Research output: Contribution to journalArticlepeer-review

149 Scopus citations


This essay reviews the available evidence that the proximal hair follicle epithelium generates and maintains an area of relative immune privilege during a defined segment of the hair cycle (i.e., during anagen). This immune privilege is chiefly characterized by a very low level of expression of MHC class Ia antigens and by the local production of potent immunosuppressive agents, such as α-MSH and TGF-β1. We discuss the putative functions of immune privilige of the anagen hair bulb, favoring the view that immune privilege serves mainly to sequester anagen- and/or melanogenesis-associated autoantigens from immune recognition by autoreactive CD8+ T cells. On this basis, we develop how the "immune privilege collapse model" of alopecia areata pathogenesis was conceived. In our discussion of the clinical implications of immune privilege, we outline the currently available evidence in support of this still hypothetical scenario to explain the initiation, progression, and termination of alopecia areata lesions.
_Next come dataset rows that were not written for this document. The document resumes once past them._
lemma summand_eq_Q_core:
  fixes n :: nat
  assumes "k \<le> m" "m \<ge> 1"
  defines "x \<equiv> t^(2*n)"
  shows "(-1)^k * Q m k t
            * ((1 - t^(2*n+1)) * (1 - t^(2*n))^(m-k) * (1 - t^(2*n+2))^(m-k)
               * (1 - t)^k * t^(2*k*n))
            / ((1 - t^4) * (1 - t^2) powi (2*int m - 2*int k - 1)
               * (\<Prod>i=0..k. 1 - t^(2*m-2*i+1)))
       = Q_core m k * (x^k * (1 - t*x) * ((1 - x) * (1 - t^2*x))^(m-k))"
proof -
  define P U V where "P = (\<Prod>j=0..k. 1 - t^(2*m-2*j+1))" and "U = (1 - t)^k"
    and "V = (1 - t^2)^(2*k)"
  define D where "D = (1 - t^4) * (1 - t^2)^(2*m-1)"
  have "P \<noteq> 0" "U \<noteq> 0" "V \<noteq> 0" "D \<noteq> 0"
    unfolding P_def U_def V_def D_def
    using one_minus_power_ne_0[of 1] one_minus_power_ne_0[of 2] one_minus_power_ne_0[of 4]
      one_minus_power_ne_0[of "2*m-2*_+1"] by auto
  have ex: "t^(2*n+1) = t*x" "t^(2*n+2) = t^2*x" "t^(2*k*n) = x^k"
    by (simp_all add: x_def power_add power2_eq_square mult_ac flip: power_mult)
  define R where "R = x^k * (1 - t*x) * ((1 - x) * (1 - t^2*x))^(m-k)"
  have "(1 - t^(2*n+1)) * (1 - t^(2*n))^(m-k) * (1 - t^(2*n+2))^(m-k) * (1 - t)^k * t^(2*k*n) = U * R"
    unfolding ex x_def[symmetric] by (simp add: U_def R_def power_mult_distrib mult_ac)
  moreover have "(1 - t^4) * (1 - t^2) powi (2*int m - 2*int k - 1) * (\<Prod>i=0..k. 1 - t^(2*m-2*i+1))
      = D * P / V"
    unfolding powi_one_minus_square[OF assms(1,2)] by (simp add: D_def P_def V_def)
  moreover have "(-1)^k * Q m k t = P * D / (U * V) * Q_core m k"
    by (simp add: Q_eq_Q_core P_def D_def U_def V_def)
  ultimately have "(-1)^k * Q m k t
            * ((1 - t^(2*n+1)) * (1 - t^(2*n))^(m-k) * (1 - t^(2*n+2))^(m-k)
               * (1 - t)^k * t^(2*k*n))
            / ((1 - t^4) * (1 - t^2) powi (2*int m - 2*int k - 1)
               * (\<Prod>i=0..k. 1 - t^(2*m-2*i+1)))
       = P * D / (U * V) * Q_core m k * (U * R) / (D * P / V)"
    by (simp only:)
  also have "\<dots> = Q_core m k * R"
    using \<open>P \<noteq> 0\<close> \<open>U \<noteq> 0\<close> \<open>V \<noteq> 0\<close> \<open>D \<noteq> 0\<close> by (simp add: field_simps)
  finally show ?thesis
    unfolding R_def .
qed

lemma S_eq_sum_Q:
  assumes "m \<ge> 1"
  shows "S (2*m) n t =
         (\<Sum>k=0..m. (-1)^k * Q m k t
            * ((1 - t^(2*n+1)) * (1 - t^(2*n))^(m-k) * (1 - t^(2*n+2))^(m-k)
               * (1 - t)^k * t^(2*k*n))
            / ((1 - t^4) * (1 - t^2) powi (2*int m - 2*int k - 1)
               * (\<Prod>i=0..k. 1 - t^(2*m-2*i+1))))"
  unfolding S_eq_sum_Q_core[OF assms] using assms by (intro sum.cong refl summand_eq_Q_core[symmetric]) auto

definition interp_node :: "nat \<Rightarrow> 'a" where
  "interp_node n = qint (t^2) n * qint (t^2) (Suc n) / t^(2*n)"

definition interp_coeff :: "nat \<Rightarrow> nat \<Rightarrow> 'a" where
  "interp_coeff m k = (1 - t) * (1 - t^2)^(2*(m-k)) * Q_core m k"

lemma S_eq_interpolation:
  assumes "m \<ge> 1"
  shows "S (2*m) n t = qint t (2*n+1) * t^(2*n*m) * (\<Sum>k=0..m. interp_coeff m k * interp_node n ^ (m-k))"
proof -
  define x where "x = t^(2*n)"
  have "x \<noteq> 0" using nonzero by (simp add: x_def)
  have x_eq: "x = (t^2)^n"
    by (simp add: x_def power_mult)
  have lin: "1 - t*x = (1 - t) * qint t (2*n+1)"
    unfolding x_def by (simp flip: one_minus_power_eq_qint)
  have quad: "(1 - x) * (1 - t^2*x) = (1 - t^2)^2 * (x * interp_node n)"
  proof -
    have "1 - x = (1 - t^2) * qint (t^2) n" "1 - t^2*x = (1 - t^2) * qint (t^2) (Suc n)"
      unfolding x_eq by (simp_all flip: one_minus_power_eq_qint)
    moreover have "x * interp_node n = qint (t^2) n * qint (t^2) (Suc n)"
      using \<open>x \<noteq> 0\<close> by (simp add: interp_node_def x_def)
    ultimately show ?thesis
      by (simp add: power2_eq_square mult_ac)
  qed
  have "Q_core m k * (x^k * (1 - t*x) * ((1 - x) * (1 - t^2*x))^(m-k))
      = qint t (2*n+1) * x^m * (interp_coeff m k * interp_node n ^ (m-k))" if "k \<le> m" for k
  proof -
    have "x^k * ((1 - t^2)^2 * (x * interp_node n))^(m-k) = (1 - t^2)^(2*(m-k)) * (x^m * interp_node n^(m-k))"
      using that by (simp add: power_mult_distrib mult_ac flip: power_add power_mult)
    then show ?thesis
      unfolding lin quad interp_coeff_def by (simp add: mult_ac)
  qed
  then show ?thesis
    unfolding S_eq_sum_Q_core[OF assms] x_def[symmetric] sum_distrib_left
    by (intro sum.cong refl) (simp add: x_def power_mult)
qed

lemma Q_eq_interp_coeff:
  assumes "m \<ge> 1" "k \<le> m"
  shows "Q m k t = (-1)^k * (1 + t^2) * (\<Prod>j=0..k. qint t (2*m-2*j+1)) * interp_coeff m k"
proof -
  define P D U W where "P = (\<Prod>j=0..k. 1 - t^(2*m-2*j+1))" and "D = (1 - t^4) * (1 - t^2)^(2*m-1)"
    and "U = (1 - t)^k" and "W = (1 - t^2)^(2*k)"
  define P' W' where "P' = (\<Prod>j=0..k. qint t (2*m-2*j+1))" and "W' = (1 - t^2)^(2*(m-k))"
  define a b where "a = 1 - t" and "b = 1 + t^2"
  have "U \<noteq> 0" "W \<noteq> 0"
    using one_minus_power_ne_0[of 1] one_minus_power_ne_0[of 2] by (simp_all add: U_def W_def)
  have "P = a * U * P'"
    unfolding P_def P'_def U_def a_def one_minus_power_eq_qint prod.distrib by simp
  moreover have "D = b * (W * W')"
  proof -
    have "1 - t^4 = (1 + t^2) * (1 - t^2)" by (simp add: algebra_simps flip: power_add)
    moreover have "Suc (2*m-1) = 2*k + 2*(m-k)" using assms by simp
    ultimately show ?thesis
      unfolding D_def W_def W'_def b_def by (simp add: mult_ac flip: power_add power_Suc)
  qed
  ultimately have "Q m k t = (-1)^k * (a * U * P' * (b * (W * W')) / (U * W)) * Q_core m k"
    unfolding P_def D_def U_def W_def by (simp only: Q_eq_Q_core)
  also have "\<dots> = (-1)^k * b * P' * (a * W' * Q_core m k)"
    using \<open>U \<noteq> 0\<close> \<open>W \<noteq> 0\<close> by (simp add: field_simps)
  finally show ?thesis
    by (simp add: interp_coeff_def a_def b_def P'_def W'_def)
qed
We review the most recent evidence from our laboratory that α-MSH, IGF-1, and TGF-β1 can downregulate IFN-γ-induced ectopic MHC class I expression in human anagen hair bulbs in vitro. Finally, we suggest that hair follicle-derived α-MSH, IGF-γ, and TGF-β1 form part of a constitutively active "IP restoration machinery" of the anagen hair bulb, which we propose to be recruited whenever the hair follicle suffers immune injury. Finally, we sketch some particularly promising avenues for future investigation into the far too long ignored hair follicle immune privilege.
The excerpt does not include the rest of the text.